Dataset entries
####

definition parse_T :: "nat \<Rightarrow> nat \<Rightarrow> nat \<Rightarrow> nat list list" where
  "parse_T S k r =
    parse_U (param_L S) @ parse_G (param_M S) @ parse_Q (param_M S) (param_B S) @ padding k r"

definition parse_R :: "nat \<Rightarrow> nat \<Rightarrow> nat \<Rightarrow> nat list list" where
  "parse_R S k r =
    parse_U' (param_L S) @ parse_G' (param_M S) @ parse_Q' (param_M S) (param_B S) @ padding k r"

lemma param_B_less_param_M: "2 \<le> S \<Longrightarrow> param_B S < param_M S"
proof -
  assume "2 \<le> S"
  then have "2 * (2 * S) \<le> 2 * (S * S)" by simp
  with \<open>2 \<le> S\<close> show ?thesis unfolding param_B_def param_M_def by linarith
qed

lemma two_le_param_M: "1 \<le> S \<Longrightarrow> 2 \<le> param_M S"
  unfolding param_M_def by simp

lemma concat_parse_T: "2 \<le> S \<Longrightarrow> concat (parse_T S k r) = ltr_u 1 # concat (parse_R S k r)"
  using param_B_less_param_M[of S]
  by (simp add: parse_T_def parse_R_def param_L_def concat_parse_U concat_parse_G' concat_parse_Q')

lemma letters_parse_U_G_Q:
  "w \<in> set (parse_U L @ parse_G M @ parse_Q M B) \<Longrightarrow> set w \<subseteq> range ltr_u \<union> range ltr_y \<union> range ltr_e"
  using set_parse_U_G[of w L M] by (auto simp: parse_Q_def set_y_run)

lemma lz78_factors_parse_T:
  assumes "2 \<le> S"
  shows "lz78_factors [] (parse_T S k r)"
proof -
  let ?L = "param_L S" and ?M = "param_M S" and ?B = "param_B S"
  have "lz78_factors [] (parse_U ?L)" by (rule lz78_factors_parse_U)
  moreover have "lz78_factors (parse_U ?L) (parse_G ?M)" by (rule lz78_factors_parse_G)
  moreover have "lz78_factors (parse_U ?L @ parse_G ?M) (parse_Q ?M ?B)"
    using two_le_param_M[of S] assms by (intro lz78_factors_parse_Q) simp
  moreover have "lz78_factors (parse_U ?L @ parse_G ?M @ parse_Q ?M ?B) (padding k r)"
    by (rule lz78_factors_padding) (rule letters_parse_U_G_Q)
  ultimately show ?thesis by (simp add: parse_T_def)
qed
text \<open>Euler--Lagrange equation: \<open>t \<mapsto> energy (xs n + t h)\<close> is a quadratic in \<open>t\<close> bounded below
  by \<open>m\<close>; in the limit \<open>n \<rightarrow> \<infinity>\<close> its constant term becomes \<open>m\<close>, so its linear coefficient vanishes.\<close>

lemma minimizing_limit_represents:
  assumes lim: "(\<lambda>n. S (xs n)) \<longlonglongrightarrow> w" and "h \<in> D"
  shows "g h = Re (ip (S h) w)"
proof -
  let ?c = "(norm (S h))\<^sup>2 / 2"
  have "0 \<le> t * (Re (ip w (S h)) - g h) + t\<^sup>2 * ?c" for t
  proof -
    have "(\<lambda>n. energy (xs n) + t * (Re (ip (S (xs n)) (S h)) - g h) + t\<^sup>2 * ?c)
        \<longlonglongrightarrow> m + t * (Re (ip w (S h)) - g h) + t\<^sup>2 * ?c"
      by (intro tendsto_intros minimizing bounded_linear.tendsto[OF bounded_linear_Re_ip_left lim])
    moreover have "m \<le> energy (xs n) + t * (Re (ip (S (xs n)) (S h)) - g h) + t\<^sup>2 * ?c" for n
      using energy_ge energy_along_line[OF xs_in \<open>h \<in> D\<close>] xs_in \<open>h \<in> D\<close> subspace
      by (metis subspace_add subspace_scale)
    ultimately have "m \<le> m + t * (Re (ip w (S h)) - g h) + t\<^sup>2 * ?c"
      by (intro LIMSEQ_le_const) auto
    then show ?thesis by simp
  qed
  then have "Re (ip w (S h)) - g h = 0" by (rule linear_coeff_zero_if_quadratic_nonneg)
  then show ?thesis by (simp add: Re_ip_commute)
qed

end

lemma bounded_functional_representation:
  assumes bound: "\<And>x. x \<in> D \<Longrightarrow> g x \<le> C * norm (S x)"
  shows "\<exists>w. \<forall>x\<in>D. g x = Re (ip (S x) w)"
proof -
  have energy_lower: "- C\<^sup>2 / 2 \<le> energy x" if "x \<in> D" for x
  proof -
    have "0 \<le> (norm (S x) - C)\<^sup>2" by simp
    then show ?thesis
      using bound[OF that] unfolding energy_def by (simp add: power2_diff algebra_simps)
  qed
  define m where "m = Inf (energy ` D)"
  have "bdd_below (energy ` D)" using energy_lower by (rule bdd_belowI2)
  then have energy_ge: "m \<le> energy x" if "x \<in> D" for x
    unfolding m_def using that by (simp add: cInf_lower)
  have "m \<in> closure (energy ` D)"
    unfolding m_def using \<open>bdd_below (energy ` D)\<close> subspace_0[OF subspace]
    by (intro closure_contains_Inf) auto
  then obtain es where es: "\<And>n. es n \<in> energy ` D" and "es \<longlonglongrightarrow> m"
    using closure_sequential by blast
  have "\<forall>n. \<exists>x. x \<in> D \<and> es n = energy x" using es by blast
  then obtain xs where xs_in: "\<And>n. xs n \<in> D" and "\<And>n. es n = energy (xs n)"
    by metis
  then have "es = (\<lambda>n. energy (xs n))" by blast
  then have minimizing: "(\<lambda>n. energy (xs n)) \<longlonglongrightarrow> m" using \<open>es \<longlonglongrightarrow> m\<close> by simp
  obtain w where "(\<lambda>n. S (xs n)) \<longlonglongrightarrow> w"
    using Cauchy_minimizing_sequence[OF energy_ge xs_in minimizing]
    by (auto simp: Cauchy_convergent_iff convergent_def)
  then show ?thesis
    using minimizing_limit_represents[OF energy_ge xs_in minimizing] by blast
qed
lemma card_le_fdim_H_space:
  fixes C :: "('n::finite \<Rightarrow> 'k::field) set"
  assumes "finite C" "fun_space.independent C" "\<And>w. w \<in> C \<Longrightarrow> lev w \<in> {1..l} \<and> w \<in> Vs (lev w)"
  shows "card {ws\<in>lists_of m C. z \<le> sum_list (map (\<lambda>w. mu (lev w)) ws)} \<le> fdim (H_space l mu Vs m z)"
proof -
  let ?G = "{ws\<in>lists_of m C. z \<le> sum_list (map (\<lambda>w. mu (lev w)) ws)}"
  have "card ?G = card (tens ` ?G)"
    by (intro card_image[symmetric] inj_on_subset[OF inj_on_tens[OF assms(1,2)]]) auto
  also have "\<dots> \<le> fdim (H_space l mu Vs m z)"
  proof (rule fun_space.card_le_dim_if_finite_span)
    show "fun_space.independent (tens ` ?G)"
      by (rule fun_space.independent_mono[OF independent_tens_image[OF assms(1,2)]]) auto
    show "tens ` ?G \<subseteq> H_space l mu Vs m z"
      using tens_in_H_space assms(3) by blast
    show "H_space l mu Vs m z \<subseteq> fspan (delta ` lists_of m UNIV)"
      using H_space_subset_tensor_power tensor_power_subset_span_delta by blast
  qed (simp add: finite_lists_of)
  finally show ?thesis .
qed

lemma fdim_H_space_ratio_bounds:
  fixes C :: "('n::finite \<Rightarrow> 'k::field) set"
  assumes "finite C" "fun_space.independent C" "card C = card (UNIV :: 'n set)"
    and "\<And>w. w \<in> C \<Longrightarrow> lev w \<in> {1..l} \<and> w \<in> Vs (lev w)"
  shows "real (card {ws\<in>lists_of m C. z \<le> sum_list (map (\<lambda>w. mu (lev w)) ws)}) / real (card C) ^ m
           \<le> real (fdim (H_space l mu Vs m z)) / real (fdim (tensor_span (replicate m (UNIV :: ('n \<Rightarrow> 'k) set))))"
    and "real (fdim (H_space l mu Vs m z)) / real (fdim (tensor_span (replicate m (UNIV :: ('n \<Rightarrow> 'k) set)))) \<le> 1"
proof -
  let ?T = "tensor_span (replicate m (UNIV :: ('n \<Rightarrow> 'k) set))"
  have G_le_H: "card {ws\<in>lists_of m C. z \<le> sum_list (map (\<lambda>w. mu (lev w)) ws)} \<le> fdim (H_space l mu Vs m z)"
    using card_le_fdim_H_space[OF assms(1,2,4)] .
  have H_le_T: "fdim (H_space l mu Vs m z) \<le> fdim ?T"
    using assms(4) fdim_H_space_le by blast
  have T_le: "fdim ?T \<le> card C ^ m"
    unfolding assms(3) by (rule fdim_tensor_power_le)
  show "real (card {ws\<in>lists_of m C. z \<le> sum_list (map (\<lambda>w. mu (lev w)) ws)}) / real (card C) ^ m
           \<le> real (fdim (H_space l mu Vs m z)) / real (fdim (tensor_span (replicate m (UNIV :: ('n \<Rightarrow> 'k) set))))"
  proof (cases "fdim ?T = 0")
    case True
    then show ?thesis
      using G_le_H H_le_T by simp
  next
    case False
    then show ?thesis
      using G_le_H T_le by (intro frac_le) (simp_all flip: of_nat_power)
  qed
  show "real (fdim (H_space l mu Vs m z)) / real (fdim (tensor_span (replicate m (UNIV :: ('n \<Rightarrow> 'k) set)))) \<le> 1"
    using H_le_T by (auto simp: divide_le_eq_1)
qed

lemma HN_adapted_basis_exists:
  fixes Vs :: "nat \<Rightarrow> ('n::finite \<Rightarrow> 'k::field) set"
  assumes "is_HN_filtration n lam F l Vs"
  obtains C lev where "finite C" "fun_space.independent C" "card C = card (UNIV :: 'n set)"
    "\<And>w. w \<in> C \<Longrightarrow> lev w \<in> {1..l} \<and> w \<in> Vs (lev w)"
    "(\<Sum>w\<in>C. HN_mu n lam F Vs (lev w)) = (\<Sum>i=1..l. real (HN_r Vs i) * HN_mu n lam F Vs i)"
proof -
  have chain: "Vs 0 = {0}" "\<And>i. i < l \<Longrightarrow> Vs i \<subseteq> Vs (Suc i)" and "Vs l = UNIV"
    using assms unfolding is_HN_filtration_def by auto
  then have span: "Vs l \<subseteq> fspan (delta ` UNIV)"
    by (auto intro!: in_span_delta_if_support_subset)
  obtain C lev where C: "finite C" "fun_space.independent C" "C \<subseteq> Vs l" "Vs l \<subseteq> fspan C"
    and lev: "\<And>w. w \<in> C \<Longrightarrow> lev w \<in> {1..l} \<and> w \<in> Vs (lev w)"
    and fibre: "\<And>i. i \<in> {1..l} \<Longrightarrow> card {w\<in>C. lev w = i} = fdim (Vs i) - fdim (Vs (i - 1))"
    using fun_space.adapted_basis_exists[OF chain span finite_imageI[OF finite_UNIV]] by blast
  have card_C: "card C = card (UNIV :: 'n set)"
    using fun_space.basis_card_eq_dim[OF C(3,4,2)] \<open>Vs l = UNIV\<close> fdim_UNIV by simp
  have "lev ` C \<subseteq> {1..l}"
    using lev by auto
  then have "(\<Sum>w\<in>C. HN_mu n lam F Vs (lev w))
      = (\<Sum>i=1..l. real (card {w\<in>C. lev w = i}) * HN_mu n lam F Vs i)"
    by (rule sum_fun_comp[OF C(1) finite_atLeastAtMost])
  also have "\<dots> = (\<Sum>i=1..l. real (HN_r Vs i) * HN_mu n lam F Vs i)"
    by (intro sum.cong) (simp_all add: fibre HN_r_def)
  finally show thesis
    using that C(1,2) card_C lev by blast
qed

theorem theorem1p5:
  fixes n :: nat and lam :: "nat \<Rightarrow> real" and F :: "nat \<Rightarrow> ('n::finite \<Rightarrow> 'k::field_char_0) set"
    and l :: nat and Vs :: "nat \<Rightarrow> ('n \<Rightarrow> 'k) set" and z :: nat
  assumes "alg_closed TYPE('k)"
    and "is_filtration n lam F"
    and "is_HN_filtration n lam F l Vs"
    and "(\<Sum>i=1..l. real (HN_r Vs i) * HN_mu n lam F Vs i) > 0"
  shows "(\<lambda>m. real (fdim (H_space l (HN_mu n lam F Vs) Vs m (real z)))
               / real (fdim (tensor_span (replicate m (UNIV :: ('n \<Rightarrow> 'k) set)))))
         \<longlonglongrightarrow> 1"
proof -
  let ?mu = "HN_mu n lam F Vs"
  obtain C lev where C: "finite C" "fun_space.independent C" "card C = card (UNIV :: 'n set)"
    and lev: "\<And>w. w \<in> C \<Longrightarrow> lev w \<in> {1..l} \<and> w \<in> Vs (lev w)"
    and "(\<Sum>w\<in>C. ?mu (lev w)) = (\<Sum>i=1..l. real (HN_r Vs i) * ?mu i)"
    using HN_adapted_basis_exists[OF assms(3)] by blast
  with assms(4) have lim: "(\<lambda>m. real (card {ws\<in>lists_of m C. real z \<le> sum_list (map (\<lambda>w. ?mu (lev w)) ws)})
      / real (card C) ^ m) \<longlonglongrightarrow> 1"
    by (intro tendsto_card_lists_of_sum_list_ge) simp_all
  let ?ratio = "\<lambda>m. real (fdim (H_space l ?mu Vs m (real z)))
      / real (fdim (tensor_span (replicate m (UNIV :: ('n \<Rightarrow> 'k) set))))"
  have "real (card {ws\<in>lists_of m C. real z \<le> sum_list (map (\<lambda>w. ?mu (lev w)) ws)})
      / real (card C) ^ m \<le> ?ratio m" "?ratio m \<le> 1" for m
    using fdim_H_space_ratio_bounds[OF C lev, where mu = ?mu and z = "real z"] by simp_all
  then show ?thesis
    by (intro tendsto_sandwich[OF always_eventually always_eventually lim tendsto_const]) auto
qed

end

####

Try it
Write out exactly the lines above between the line with "(2 * S) \<le> 2" and the line with "by (rule lz78_factors_padding)", inclusive, and nothing beyond them.

Answer space
  then have "2 * (2 * S) \<le> 2 * (S * S)" by simp
  with \<open>2 \<le> S\<close> show ?thesis unfolding param_B_def param_M_def by linarith
qed

lemma two_le_param_M: "1 \<le> S \<Longrightarrow> 2 \<le> param_M S"
  unfolding param_M_def by simp

lemma concat_parse_T: "2 \<le> S \<Longrightarrow> concat (parse_T S k r) = ltr_u 1 # concat (parse_R S k r)"
  using param_B_less_param_M[of S]
  by (simp add: parse_T_def parse_R_def param_L_def concat_parse_U concat_parse_G' concat_parse_Q')

lemma letters_parse_U_G_Q:
  "w \<in> set (parse_U L @ parse_G M @ parse_Q M B) \<Longrightarrow> set w \<subseteq> range ltr_u \<union> range ltr_y \<union> range ltr_e"
  using set_parse_U_G[of w L M] by (auto simp: parse_Q_def set_y_run)

lemma lz78_factors_parse_T:
  assumes "2 \<le> S"
  shows "lz78_factors [] (parse_T S k r)"
proof -
  let ?L = "param_L S" and ?M = "param_M S" and ?B = "param_B S"
  have "lz78_factors [] (parse_U ?L)" by (rule lz78_factors_parse_U)
  moreover have "lz78_factors (parse_U ?L) (parse_G ?M)" by (rule lz78_factors_parse_G)
  moreover have "lz78_factors (parse_U ?L @ parse_G ?M) (parse_Q ?M ?B)"
    using two_le_param_M[of S] assms by (intro lz78_factors_parse_Q) simp
  moreover have "lz78_factors (parse_U ?L @ parse_G ?M @ parse_Q ?M ?B) (padding k r)"
    by (rule lz78_factors_padding) (rule letters_parse_U_G_Q)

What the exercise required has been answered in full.